Quite a number of former government nurses are now working as AirAsia flight attendants. I was able to talk with one of them, 24-year-old Sheena Angeles. Clad in red and white AirAsia uniform, she decided to give up her original profession she precisely took in college because she said she was getting a measly P235 a day in wage. Obviously, this is way below the mandated minimum wage level. 

Sheena is one of nine nurses out of 15 Filipino male and female flight attendants who recently passed and were taken to Malaysia for training in AirAsia’s headquarters in Kuala Lumpur. She is now deployed to her first assignment in the newest Clark-Taipei route of AirAsia as the only carrier offering four times a week services with flights departing Clark at noon and arriving at 2 p.m.

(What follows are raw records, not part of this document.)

(* Let $\Gamma$ be a group acting on a set $X$ with only finitely many orbits, and let $n \in \mathbb{N}$. If for each orbit the stabilizer of a point of that orbit is $n$-boundedly acyclic, then $\operatorname{H}^k_b(\Gamma;\ell^\infty(X)) \cong 0$ for all $k \in \{1,\dots,n\}$.
   Context: $\ell^\infty(X)$ is the Banach $\Gamma$-module of bounded real functions on $X$ with the sup norm and action $(g\cdot f)(x) = f(g^{-1}x)$; $\operatorname{H}^*_b(\Gamma;V)$ is the cohomology of $\ell^\infty(\Gamma^{*+1},V)^\Gamma$ with homogeneous coboundary. A group is $n$-boundedly acyclic if its bounded cohomology with trivial real coefficients vanishes in degrees $1,\dots,n$. *)

theory Defs
  imports Complex_Main "HOL-Algebra.Group_Action"
begin

text \<open>Bounded cohomology of a group G with coefficients in the Banach G-module
  ell-infinity(Y), where G acts on Y via psi and (g.F)(y) = F(g^-1 y).
  Homogeneous cochains of degree k are maps from G^(k+1) (lists of length k+1 of
  elements of the carrier) to ell-infinity(Y) (real functions on Y, only values on Y
  matter); they must be bounded in the sup norm and G-invariant.\<close>

definition tuples :: "('g, 'm) monoid_scheme \<Rightarrow> nat \<Rightarrow> 'g list set" where
  "tuples G m = {t. length t = m \<and> set t \<subseteq> carrier G}"

definition coboundary :: "('g list \<Rightarrow> 'y \<Rightarrow> real) \<Rightarrow> 'g list \<Rightarrow> 'y \<Rightarrow> real" where
  "coboundary f t y = (\<Sum>i<length t. (-1) ^ i * f (take i t @ drop (Suc i) t) y)"

definition is_bcochain ::
  "('g, 'm) monoid_scheme \<Rightarrow> 'y set \<Rightarrow> ('g \<Rightarrow> 'y \<Rightarrow> 'y) \<Rightarrow> nat \<Rightarrow> ('g list \<Rightarrow> 'y \<Rightarrow> real) \<Rightarrow> bool" where
  "is_bcochain G Y \<psi> k f \<longleftrightarrow>
     (\<exists>C. \<forall>t\<in>tuples G (k+1). \<forall>y\<in>Y. \<bar>f t y\<bar> \<le> C) \<and>
     (\<forall>g\<in>carrier G. \<forall>t\<in>tuples G (k+1). \<forall>y\<in>Y.
        f (map (\<lambda>h. g \<otimes>\<^bsub>G\<^esub> h) t) y = f t (\<psi> (inv\<^bsub>G\<^esub> g) y))"

definition Hb_linf_vanishes ::
  "('g, 'm) monoid_scheme \<Rightarrow> 'y set \<Rightarrow> ('g \<Rightarrow> 'y \<Rightarrow> 'y) \<Rightarrow> nat \<Rightarrow> bool" where
  "Hb_linf_vanishes G Y \<psi> k \<longleftrightarrow>
     (\<forall>f. is_bcochain G Y \<psi> k f \<and>
          (\<forall>t\<in>tuples G (k+2). \<forall>y\<in>Y. coboundary f t y = 0)
        \<longrightarrow> (\<exists>b. is_bcochain G Y \<psi> (k-1) b \<and>
                 (\<forall>t\<in>tuples G (k+1). \<forall>y\<in>Y. coboundary b t y = f t y)))"

text \<open>Trivial real coefficients: R = ell-infinity(point) with the trivial action.\<close>
definition Hb_trivial_vanishes :: "('g, 'm) monoid_scheme \<Rightarrow> nat \<Rightarrow> bool" where
  "Hb_trivial_vanishes G k \<longleftrightarrow> Hb_linf_vanishes G (UNIV :: unit set) (\<lambda>g y. y) k"

definition boundedly_acyclic :: "nat \<Rightarrow> ('g, 'm) monoid_scheme \<Rightarrow> bool" where
  "boundedly_acyclic n G \<longleftrightarrow> (\<forall>k\<in>{1..n}. Hb_trivial_vanishes G k)"

end

theory Submission
  imports Defs
begin

text \<open>Evaluating a bounded invariant cocycle \<open>f\<close> with values in \<open>\<ell>\<^sup>\<infinity>(X)\<close> at a point \<open>x\<close>
  gives a real cocycle on \<open>\<Gamma>\<^sup>k\<^sup>+\<^sup>1\<close> invariant under the stabilizer \<open>\<Gamma>\<^sub>x\<close>. Such cocycles
  are coboundaries as soon as \<open>\<Gamma>\<^sub>x\<close> is boundedly acyclic: a \<open>\<Gamma>\<^sub>x\<close>-equivariant retraction
  \<open>\<sigma> : \<Gamma> \<rightarrow> \<Gamma>\<^sub>x\<close> and the prism operator make \<open>f(-, x)\<close> cohomologous to its pullback
  along \<open>\<sigma>\<close>, which is a cocycle of \<open>\<Gamma>\<^sub>x\<close> itself. Choosing one point \<open>x\<close> per orbit and
  elements \<open>\<gamma>\<^sub>y\<close> with \<open>\<gamma>\<^sub>y x = y\<close>, the primitives \<open>B\<^sub>x\<close> so obtained assemble into the
  invariant primitive \<open>b(t, y) = B\<^sub>x(\<gamma>\<^sub>y\<inverse> t)\<close> of \<open>f\<close>; it is bounded because there are
  only finitely many orbits.\<close>

section \<open>Faces and the prism operator\<close>

definition face :: "nat \<Rightarrow> 'a list \<Rightarrow> 'a list" where
  "face i t = take i t @ drop (Suc i) t"

definition hcoboundary :: "('a list \<Rightarrow> real) \<Rightarrow> 'a list \<Rightarrow> real" where
  "hcoboundary F t = (\<Sum>i<length t. (-1) ^ i * F (face i t))"

text \<open>The simplices \<open>(s t\<^sub>0, \<dots>, s t\<^sub>j, t\<^sub>j, \<dots>, t\<^sub>n)\<close> of the standard triangulation of the
  prism \<open>\<Delta>\<^sup>n \<times> [0,1]\<close>; their alternating sum is a chain homotopy between the identity and \<open>s\<close>.\<close>

definition prism_simplex :: "('a \<Rightarrow> 'a) \<Rightarrow> nat \<Rightarrow> 'a list \<Rightarrow> 'a list" where
  "prism_simplex s j t = map s (take (Suc j) t) @ drop j t"

definition prism_operator :: "('a \<Rightarrow> 'a) \<Rightarrow> ('a list \<Rightarrow> real) \<Rightarrow> 'a list \<Rightarrow> real" where
  "prism_operator s F t = (\<Sum>j<length t. (-1) ^ j * F (prism_simplex s j t))"

lemma coboundary_eq_hcoboundary: "coboundary f t y = hcoboundary (\<lambda>s. f s y) t"
  by (simp add: coboundary_def hcoboundary_def face_def)

lemma length_face [simp]: "i < length t \<Longrightarrow> length (face i t) = length t - 1"
  by (simp add: face_def)

lemma nth_face:
  "i < length t \<Longrightarrow> m < length t - 1 \<Longrightarrow> face i t ! m = (if m < i then t ! m else t ! Suc m)"
  by (auto simp: face_def nth_append min_def)

lemma face_map: "face i (map f t) = map f (face i t)"
  by (simp add: face_def take_map drop_map)

lemma length_prism_simplex [simp]: "j < length t \<Longrightarrow> length (prism_simplex s j t) = Suc (length t)"
  by (simp add: prism_simplex_def)

lemma nth_prism_simplex:
  assumes "j < length t" "m < Suc (length t)"
  shows "prism_simplex s j t ! m = (if m \<le> j then s (t ! m) else t ! (m - 1))"
  using assms by (auto simp: prism_simplex_def nth_append min_def intro!: arg_cong[where f = "nth t"])

lemma set_prism_simplex: "set (prism_simplex s j t) \<subseteq> s ` set t \<union> set t"
  unfolding prism_simplex_def by (auto dest: in_set_takeD in_set_dropD)

lemma prism_simplex_map:
  "(\<And>x. x \<in> set t \<Longrightarrow> s (f x) = f (s x)) \<Longrightarrow> prism_simplex s j (map f t) = map f (prism_simplex s j t)"
  unfolding prism_simplex_def take_map drop_map map_append map_map
  by (auto dest: in_set_takeD)

lemma face_prism_simplex_less:
  "j < length t \<Longrightarrow> i < j \<Longrightarrow> face i (prism_simplex s j t) = prism_simplex s (j - 1) (face i t)"
  by (rule nth_equalityI) (auto simp: nth_face nth_prism_simplex)

lemma face_prism_simplex_self:
  "j < length t \<Longrightarrow> face j (prism_simplex s j t) = map s (take j t) @ drop j t"
  by (rule nth_equalityI) (auto simp: nth_face nth_prism_simplex nth_append)

lemma face_Suc_prism_simplex_self:
  "j < length t \<Longrightarrow> face (Suc j) (prism_simplex s j t) = map s (take (Suc j) t) @ drop (Suc j) t"
  by (rule nth_equalityI) (auto simp: nth_face nth_prism_simplex nth_append)

lemma face_prism_simplex_greater:
  "j < length t \<Longrightarrow> Suc j < i \<Longrightarrow> i \<le> length t \<Longrightarrow>
    face i (prism_simplex s j t) = prism_simplex s j (face (i - 1) t)"
  by (rule nth_equalityI) (auto simp: nth_face nth_prism_simplex)

lemma sum_lessThan_Suc_split:
  assumes "j < n"
  shows "sum g {..<Suc n} = sum g {..<j} + g j + g (Suc j) + sum g {Suc (Suc j)..<Suc n}"
proof -
  have "sum g {0..<Suc (Suc j)} + sum g {Suc (Suc j)..<Suc n} = sum g {0..<Suc n}"
    by (rule sum.atLeastLessThan_concat) (use assms in auto)
  then show ?thesis
    by (simp add: atLeast0LessThan)
qed

lemma hcoboundary_prism_simplex:
  assumes j: "j < length t"
  shows "(-1) ^ j * hcoboundary F (prism_simplex s j t) =
    F (map s (take j t) @ drop j t) - F (map s (take (Suc j) t) @ drop (Suc j) t)
    - (\<Sum>i<j. (-1) ^ (i + (j - 1)) * F (prism_simplex s (j - 1) (face i t)))
    - (\<Sum>i\<in>{Suc j..<length t}. (-1) ^ (i + j) * F (prism_simplex s j (face i t)))"
proof -
  let ?g = "\<lambda>i. (-1) ^ j * ((-1) ^ i * F (face i (prism_simplex s j t)))"
  have "(-1) ^ j * hcoboundary F (prism_simplex s j t) = sum ?g {..<Suc (length t)}"
    using j by (simp add: hcoboundary_def sum_distrib_left del: sum.lessThan_Suc)
  also have "\<dots> = sum ?g {..<j} + ?g j + ?g (Suc j) + sum ?g {Suc (Suc j)..<Suc (length t)}"
    using j by (rule sum_lessThan_Suc_split)
  also have "sum ?g {..<j} = - (\<Sum>i<j. (-1) ^ (i + (j - 1)) * F (prism_simplex s (j - 1) (face i t)))"
    unfolding sum_negf[symmetric]
  proof (intro sum.cong refl)
    fix i assume "i \<in> {..<j}"
    then obtain j' where "j = Suc j'" "i < j"
      using less_imp_Suc_add by auto
    then show "?g i = - ((-1) ^ (i + (j - 1)) * F (prism_simplex s (j - 1) (face i t)))"
      using j by (simp add: face_prism_simplex_less power_add)
  qed
  also have "?g j = F (map s (take j t) @ drop j t)"
    using j by (simp add: face_prism_simplex_self flip: power_add mult.assoc)
  also have "?g (Suc j) = - F (map s (take (Suc j) t) @ drop (Suc j) t)"
    using j by (simp add: face_Suc_prism_simplex_self flip: power_add mult.assoc)
  also have "sum ?g {Suc (Suc j)..<Suc (length t)} = (\<Sum>i\<in>{Suc j..<length t}. ?g (Suc i))"
    by (rule sum.shift_bounds_Suc_ivl)
  also have "\<dots> = - (\<Sum>i\<in>{Suc j..<length t}. (-1) ^ (i + j) * F (prism_simplex s j (face i t)))"
    unfolding sum_negf[symmetric]
    by (intro sum.cong refl) (use j in \<open>auto simp: face_prism_simplex_greater power_add\<close>)
  finally show ?thesis
    by simp
qed

lemma sum_triangles_reindex:
  "(\<Sum>j<n. \<Sum>i<j. a (j - 1) i) + (\<Sum>j<n. \<Sum>i\<in>{Suc j..<n}. a j i) = (\<Sum>j<n - 1. \<Sum>i<n. a j i)"
proof (cases n)
  case (Suc m)
  have "(\<Sum>j<Suc m. \<Sum>i<j. a (j - 1) i) = (\<Sum>j<m. \<Sum>i<Suc j. a j i)"
    by (simp only: sum.lessThan_Suc_shift) simp
  moreover have "(\<Sum>j<Suc m. \<Sum>i\<in>{Suc j..<Suc m}. a j i) = (\<Sum>j<m. \<Sum>i\<in>{Suc j..<Suc m}. a j i)"
    by simp
  moreover have "(\<Sum>i<Suc j. a j i) + (\<Sum>i\<in>{Suc j..<Suc m}. a j i) = (\<Sum>i<Suc m. a j i)"
    if "j < m" for j
  proof -
    have "sum (a j) {0..<Suc j} + sum (a j) {Suc j..<Suc m} = sum (a j) {0..<Suc m}"
      by (rule sum.atLeastLessThan_concat) (use that in auto)
    then show ?thesis
      by (simp only: atLeast0LessThan)
  qed
  ultimately show ?thesis
    using Suc by (simp add: sum.distrib[symmetric])
qed simp

lemma hcoboundary_prism_operator:
  "hcoboundary (prism_operator s F) t + prism_operator s (hcoboundary F) t = F t - F (map s t)"
proof -
  define n where "n = length t"
  define T where "T j i = (-1) ^ (i + j) * F (prism_simplex s j (face i t))" for j i
  define R where "R j = F (map s (take j t) @ drop j t)" for j
  have "prism_operator s (hcoboundary F) t =
      (\<Sum>j<n. (R j - R (Suc j)) - (\<Sum>i<j. T (j - 1) i) - (\<Sum>i\<in>{Suc j..<n}. T j i))"
    unfolding prism_operator_def n_def R_def T_def
    by (intro sum.cong refl) (simp add: hcoboundary_prism_simplex)
  also have "\<dots> = (\<Sum>j<n. R j - R (Suc j)) - ((\<Sum>j<n. \<Sum>i<j. T (j - 1) i) + (\<Sum>j<n. \<Sum>i\<in>{Suc j..<n}. T j i))"
    by (simp add: sum_subtractf sum.distrib)
  also have "\<dots> = (R 0 - R n) - (\<Sum>j<n - 1. \<Sum>i<n. T j i)"
    by (simp only: sum_lessThan_telescope' sum_triangles_reindex)
  also have "R 0 = F t"
    by (simp add: R_def)
  also have "R n = F (map s t)"
    by (simp add: R_def n_def)
  also have "(\<Sum>j<n - 1. \<Sum>i<n. T j i) = hcoboundary (prism_operator s F) t"
    unfolding hcoboundary_def prism_operator_def T_def n_def
    by (subst sum.swap) (auto intro!: sum.cong simp: sum_distrib_left power_add mult_ac)
  finally show ?thesis
    by simp
qed

lemma hcoboundary_prism_operator_cocycle:
  assumes "\<And>j. j < length t \<Longrightarrow> hcoboundary F (prism_simplex s j t) = 0"
  shows "hcoboundary (prism_operator s F) t = F t - F (map s t)"
proof -
  have "prism_operator s (hcoboundary F) t = 0"
    unfolding prism_operator_def using assms by simp
  then show ?thesis
    using hcoboundary_prism_operator[of s F t] by simp
qed

lemma abs_prism_operator_le:
  assumes "\<And>j. j < length t \<Longrightarrow> \<bar>F (prism_simplex s j t)\<bar> \<le> C"
  shows "\<bar>prism_operator s F t\<bar> \<le> real (length t) * C"
proof -
  have "\<bar>prism_operator s F t\<bar> \<le> (\<Sum>j<length t. \<bar>F (prism_simplex s j t)\<bar>)"
    unfolding prism_operator_def by (rule order.trans[OF sum_abs]) (simp add: abs_mult)
  also have "\<dots> \<le> real (length t) * C"
    using sum_bounded_above[of "{..<length t}" "\<lambda>j. \<bar>F (prism_simplex s j t)\<bar>" C] assms by simp
  finally show ?thesis .
qed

As added pitch to entice potential passengers to take their budget carrier, Hontiveros noted with pride AirAsia does not only have brand new Airbus A320s. Though classified as a budget carrier, she said, AirAsia has also the best trained and experienced pilots and cabin crew “to provide the ultimate comfort.” With flight attendants who are registered nurses, she proudly pointed out, AirAsia guests are in the best hands in case of medical emergency or health needs of their passengers.

Hontiveros noted with disappointment that discrimination against women still happens even during these modern times. She claimed she herself was not spared during the hearing for AirAsia’s certificate of public conveyance and necessity before the Civil Aviation Board a few months ago. She sensed lawyers from rival airlines were obviously trying to test her knowledge of the airline business and tried to insinuate she is just a “dummy” for AirAsia.

They asked how she, as CEO of AirAsia, hires pilots for the airline company. Naturally, she gave a rundown of the high standard of qualifications and basic requirements they look for in pilots, from flight proficiency to safety records, flying hours, results of simulator tests, etc. “But most of all, our pilots must be good-looking,” Hontiveros told her inquisitors. That’s how to beat your competition!